WORK TO BE COMPLETED: Report each line of the data that includes the word "finally".

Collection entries
lemma height_below_strict_mono:
  assumes fin: "finite D" and po: "po_on D le" and u: "u \<in> D" and w: "w \<in> D"
    and wu: "lt le w u"
  shows "height_below D le w < height_below D le u"
proof -
  obtain A where A: "chain_in D le A" "\<forall>a\<in>A. le a w" "card A = height_below D le w"
    using height_below_attained[OF fin] by blast
  have AD: "A \<subseteq> D" by (rule chain_in_subset[OF A(1)])
  have below: "\<forall>a\<in>A. le a u" using A(2) AD po_on_trans[OF po _ w u] wu unfolding lt_def by blast
  have "u \<notin> A" using A(2) wu po_on_antisym[OF po w u] unfolding lt_def by blast
  have "chain_in D le (insert u A)" using chain_in_insert[OF po A(1) u] below by blast
  moreover have "\<forall>a\<in>insert u A. le a u" using below po_on_refl[OF po u] by blast
  ultimately have "card (insert u A) \<le> height_below D le u" by (rule card_le_height_below[OF fin])
  then show ?thesis using \<open>u \<notin> A\<close> chain_in_finite[OF fin A(1)] A(3) by simp
qed

section \<open>The union of all maximum chains\<close>

lemma itov_incomparable_up_transfer:
  assumes po: "po_on D le" and it: "itov D le"
    and D: "a \<in> D" "b \<in> D" "u \<in> D" "v \<in> D"
    and uv: "inc le u v" and bv: "lt le b v" and bu: "\<not> lt le b u" and ua: "lt le u a"
  shows "lt le v a"
proof (rule ccontr)
  assume va: "\<not> lt le v a"
  have ub: "inc le u b"
    using uv bv bu po_on_trans[OF po D(3,2,4)] unfolding inc_def lt_def by blast
  have av: "inc le a v"
    using uv ua va po_on_trans[OF po D(3,1,4)] unfolding inc_def lt_def by blast
  have "\<not> le a b" using ua bv uv po_on_trans[OF po D(3,1,2)] po_on_trans[OF po D(3,2,4)]
    unfolding inc_def lt_def by blast
  moreover have "a \<noteq> b" using ua ub unfolding inc_def lt_def by blast
  ultimately consider "lt le b a" | "inc le a b" unfolding inc_def lt_def by blast
  then show False
  proof cases
    case 1
    then have "is_obs2 le {u, a, b, v}" using is_obs2I[OF ua bv _ ub uv] av by (simp add: inc_commute)
    then show False using itov_not_obs[OF it D(3,1,2,4)] by blast
  next
    case 2
    then have "is_obs1 le {u, a, b, v}" using is_obs1I[OF ua bv ub uv] av by blast
    then show False using itov_not_obs[OF it D(3,1,2,4)] by blast
  qed
qed
lemma hyp_geod_inj:
  assumes "unit_tangent X V" "hyp_geod X V s = hyp_geod X V u"
  shows "s = u"
  using hyp_dist_hyp_geod[OF assms(1), of s u] assms(2)
    hyp_dist_self[OF hyp_geod_in_hyperboloid[OF assms(1)]] by simp

lemma unit_tangent_hyp_geod:
  assumes "unit_tangent X V"
  shows "unit_tangent (hyp_geod X V e) (sinh e *\<^sub>R X + cosh e *\<^sub>R V)"
proof -
  note f = unit_tangent_frame[OF assms]
  have "cosh e * cosh e - sinh e * sinh e = 1"
    using hyperbolic_pythagoras[of e] by (simp add: power2_eq_square)
  then show ?thesis using hyp_geod_in_hyperboloid[OF assms] f
    by (simp add: unit_tangent_def hyp_geod_def mink_linear algebra_simps)
qed

definition hyp_dir :: "v3 \<Rightarrow> v3 \<Rightarrow> v3" where
  "hyp_dir X Y = (1 / sinh (hyp_dist X Y)) *\<^sub>R (Y - cosh (hyp_dist X Y) *\<^sub>R X)"

lemma unit_tangent_hyp_dir:
  assumes X: "X \<in> hyperboloid" and Y: "Y \<in> hyperboloid" and ne: "X \<noteq> Y"
  shows "unit_tangent X (hyp_dir X Y)"
proof -
  define d where "d = hyp_dist X Y"
  have sh: "sinh d \<noteq> 0" using hyp_dist_pos[OF X Y ne] by (simp add: d_def)
  have XY: "mink X Y = cosh d" "mink Y X = cosh d" "mink X X = 1" "mink Y Y = 1"
    using cosh_hyp_dist[OF X Y] X Y by (simp_all add: d_def mink_commute hyperboloid_def)
  have "cosh d * cosh d - sinh d * sinh d = 1"
    using hyperbolic_pythagoras[of d] by (simp add: power2_eq_square)
  with sh XY X show ?thesis
    by (simp add: unit_tangent_def hyp_dir_def d_def[symmetric] mink_linear field_simps)
qed

lemma hyp_geod_hyp_dir:
  assumes "X \<in> hyperboloid" "Y \<in> hyperboloid"
  shows "hyp_geod X (hyp_dir X Y) (hyp_dist X Y) = Y"
proof (cases "X = Y")
  case True
  then show ?thesis using assms by (simp add: hyp_dist_self)
next
  case False
  then have "sinh (hyp_dist X Y) \<noteq> 0" using hyp_dist_pos[OF assms] by simp
  then show ?thesis by (simp add: hyp_geod_def hyp_dir_def)
qed

lemma hyp_dir_hyp_geod:
  assumes "unit_tangent X V" "s > 0"
  shows "hyp_dir X (hyp_geod X V s) = V"
proof -
  have "hyp_dist X (hyp_geod X V s) = s" using hyp_dist_hyp_geod[OF assms(1), of 0 s] assms(2) by simp
  then show ?thesis using assms(2) by (simp add: hyp_dir_def hyp_geod_def)
qed

text \<open>Expand \<open>Y\<close> in the frame of the geodesic from \<open>X\<close> to \<open>Z\<close>: its component along the geodesic
  is at most \<open>sinh (hyp_dist X Y)\<close>, with equality only if \<open>Y\<close> lies on the geodesic.\<close>
lemma hyp_dist_triangle_geodesic:
  assumes X: "X \<in> hyperboloid" and Y: "Y \<in> hyperboloid" and Z: "Z \<in> hyperboloid" and ne: "X \<noteq> Z"
  shows "hyp_dist X Z \<le> hyp_dist X Y + hyp_dist Y Z"
    and "hyp_dist X Z = hyp_dist X Y + hyp_dist Y Z \<Longrightarrow> Y = hyp_geod X (hyp_dir X Z) (hyp_dist X Y)"
proof -
  define d a b where "d = hyp_dist X Z" and "a = hyp_dist X Y" and "b = hyp_dist Y Z"
  define V W where "V = hyp_dir X Z" and "W = mink_cross X V"
  have u: "unit_tangent X V" using unit_tangent_hyp_dir[OF X Z ne] by (simp add: V_def)
  have Zd: "Z = hyp_geod X V d" using hyp_geod_hyp_dir[OF X Z] by (simp add: V_def d_def)
  have "sinh d > 0" using hyp_dist_pos[OF X Z ne] by (simp add: d_def)
  have "a \<ge> 0" "b \<ge> 0" using hyp_dist_nonneg X Y Z by (simp_all add: a_def b_def)
  define \<beta> \<gamma> where "\<beta> = - mink Y V" and "\<gamma> = - mink Y W"
  have ca: "mink Y X = cosh a" using cosh_hyp_dist[OF X Y] by (simp add: a_def mink_commute)
  have dec: "Y = cosh a *\<^sub>R X + \<beta> *\<^sub>R V + \<gamma> *\<^sub>R W"
    using unit_tangent_frame_decomp[OF u, of Y] by (simp add: ca \<beta>_def \<gamma>_def W_def algebra_simps)
  have "mink Y Y = cosh a * mink Y X + \<beta> * mink Y V + \<gamma> * mink Y W"
    by (subst (2) dec) (simp add: mink_linear)
  then have sum: "(cosh a)\<^sup>2 - \<beta>\<^sup>2 - \<gamma>\<^sup>2 = 1"
    using Y ca by (simp add: hyperboloid_def \<beta>_def \<gamma>_def power2_eq_square)
  have pa: "(cosh a)\<^sup>2 - (sinh a)\<^sup>2 = 1" by (rule hyperbolic_pythagoras)
  have "\<beta>\<^sup>2 \<le> (sinh a)\<^sup>2" using sum pa zero_le_power2[of \<gamma>] by linarith
  moreover have "sinh a \<ge> 0" using \<open>a \<ge> 0\<close> by simp
  ultimately have \<beta>: "\<beta> \<le> sinh a" by (rule power2_le_imp_le)
  have "cosh b = mink Y Z" using cosh_hyp_dist[OF Y Z] by (simp add: b_def)
  also have "\<dots> = cosh d * mink Y X + sinh d * mink Y V" by (simp add: Zd hyp_geod_def mink_linear)
  finally have cb: "cosh b = cosh d * cosh a - sinh d * \<beta>" by (simp add: ca \<beta>_def)
  have "cosh (d - a) = cosh d * cosh a - sinh d * sinh a" by (simp add: cosh_diff)
  also have "\<dots> \<le> cosh b" using cb \<beta> \<open>sinh d > 0\<close> by (simp add: mult_left_mono)
  finally have "cosh \<bar>d - a\<bar> \<le> cosh b" by simp
  then have "\<bar>d - a\<bar> \<le> b" using \<open>b \<ge> 0\<close> cosh_real_nonneg_le_iff[of "\<bar>d - a\<bar>" b] by linarith
  then show "hyp_dist X Z \<le> hyp_dist X Y + hyp_dist Y Z" by (simp add: a_def b_def d_def)
  assume "hyp_dist X Z = hyp_dist X Y + hyp_dist Y Z"
  then have "b = d - a" by (simp add: a_def b_def d_def)
  then have "cosh b = cosh d * cosh a - sinh d * sinh a" by (simp add: cosh_diff)
  then have "\<beta> = sinh a" using cb \<open>sinh d > 0\<close> by simp
  then have "\<gamma>\<^sup>2 = 0" using sum pa by simp
  then have "\<gamma> = 0" by simp
  then show "Y = hyp_geod X (hyp_dir X Z) (hyp_dist X Y)"
    using dec \<open>\<beta> = sinh a\<close> by (simp add: hyp_geod_def V_def a_def)
qed

lemma hyp_dist_triangle:
  assumes "X \<in> hyperboloid" "Y \<in> hyperboloid" "Z \<in> hyperboloid"
  shows "hyp_dist X Z \<le> hyp_dist X Y + hyp_dist Y Z"
  using hyp_dist_triangle_geodesic(1)[OF assms] assms hyp_dist_self hyp_dist_nonneg
  by (cases "X = Z") (auto intro: add_nonneg_nonneg)

section \<open>Geodesics of the product\<close>

definition HypR :: "(v3 \<times> real) set" where
  "HypR = hyperboloid \<times> UNIV"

TASK RESPONSE:
  finally have cb: "cosh b = cosh d * cosh a - sinh d * \<beta>" by (simp add: ca \<beta>_def)
  finally have "cosh \<bar>d - a\<bar> \<le> cosh b" by simp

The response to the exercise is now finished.